He parted from his Uncle that evening, as he and Clerivault had to be on their way at an early hour the following morning. Going in to the recluse, with a certain emotion at his heart, he found him characteristically occupied between a Vulgate and a great tankard of burnt sack plentifully laced with Nantes brandy. A thread of incense, rising from a tiny chafing dish on the table, seemed designed, like a pious kissing-comfit, to neutralise the pungent breath of that ungodly mixture; while the mentality which could appropriate such material to such a use appeared further illustrated in the faldstool, or prie-Dieu, set before a bureau on which stood a laughing head in bronze of a leaf-crowned Dionysus.
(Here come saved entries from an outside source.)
lemma exp_dgA_ymult: "exp_dgA N g t (ymult N f) = ymult N (exp_dgA N g t f) + smult (smult t g) (exp_dgA N g t f)"
proof -
  define c where "c n = smult (exp_coeff t n) ((dgA N g ^^ n) f)" for n
  define K where "K = degree f"
  have "exp_dgA N g t (ymult N f) = (\<Sum>n\<le>Suc K. smult (exp_coeff t n) ((dgA N g ^^ n) (ymult N f)))"
    using degree_ymult_le by (intro exp_dgA_bound) (simp add: K_def)
  also have "\<dots> = ymult N (c 0) + (\<Sum>n\<le>K. ymult N (c (Suc n)) + smult (smult t g) (c n))"
    by (simp add: sum.atMost_Suc_shift exp_dgA_term_ymult c_def del: sum.atMost_Suc funpow.simps)
  also have "\<dots> = ymult N (\<Sum>n\<le>Suc K. c n) + smult (smult t g) (\<Sum>n\<le>K. c n)"
    by (simp add: sum.distrib ymult_add ymult_sum smult_sum_right sum.atMost_Suc_shift del: sum.atMost_Suc)
  also have "(\<Sum>n\<le>Suc K. c n) = exp_dgA N g t f"
    unfolding c_def by (rule exp_dgA_bound[symmetric]) (simp add: K_def)
  also have "(\<Sum>n\<le>K. c n) = exp_dgA N g t f"
    unfolding c_def K_def exp_dgA_def ..
  finally show ?thesis .
qed

lemma exp_dgA_monom_1: "exp_dgA N g t (monom 1 j) = powA N (yA + [:smult t g:]) j"
proof (induction j)
  case 0
  then show ?case by (simp add: powA_def monom_0 pCons_one exp_dgA_1)
next
  case (Suc j)
  have "exp_dgA N g t (monom 1 (Suc j)) = exp_dgA N g t (ymult N (monom 1 j))"
    by (simp add: ymult_monom_1)
  also have "\<dots> = mulA N (yA + [:smult t g:]) (exp_dgA N g t (monom 1 j))"
    by (simp add: exp_dgA_ymult mulA_add_left mulA_yA_left mulA_const_left)
  finally have "exp_dgA N g t (monom 1 (Suc j)) = mulA N (yA + [:smult t g:]) (exp_dgA N g t (monom 1 j))" .
  then show ?case using Suc by (simp add: powA_def)
qed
The ex-Judge looked up vacantly, as Brion entered, and motioned him mechanically to a seat.

‘Not now,’ said the young man. ‘The time that remains to me here is short. I have come to ask your blessing on my venture, Uncle Quentin.’

Staring a moment, the other shook his head.

‘What venture, nephew?’

‘Have you forgotten? To the New World.’

He seemed to listen and weigh; and then a sudden light went up in his brain:—

‘To the New World? My blessing? A devil’s viaticum that! A curse from my lips might speed thee better.’

‘Come, Uncle. You will not start me on such handicap, like the poor scratch in the game. I of all should know what your blessing is worth to one you love.’

Bagott passed his hand across his eyes.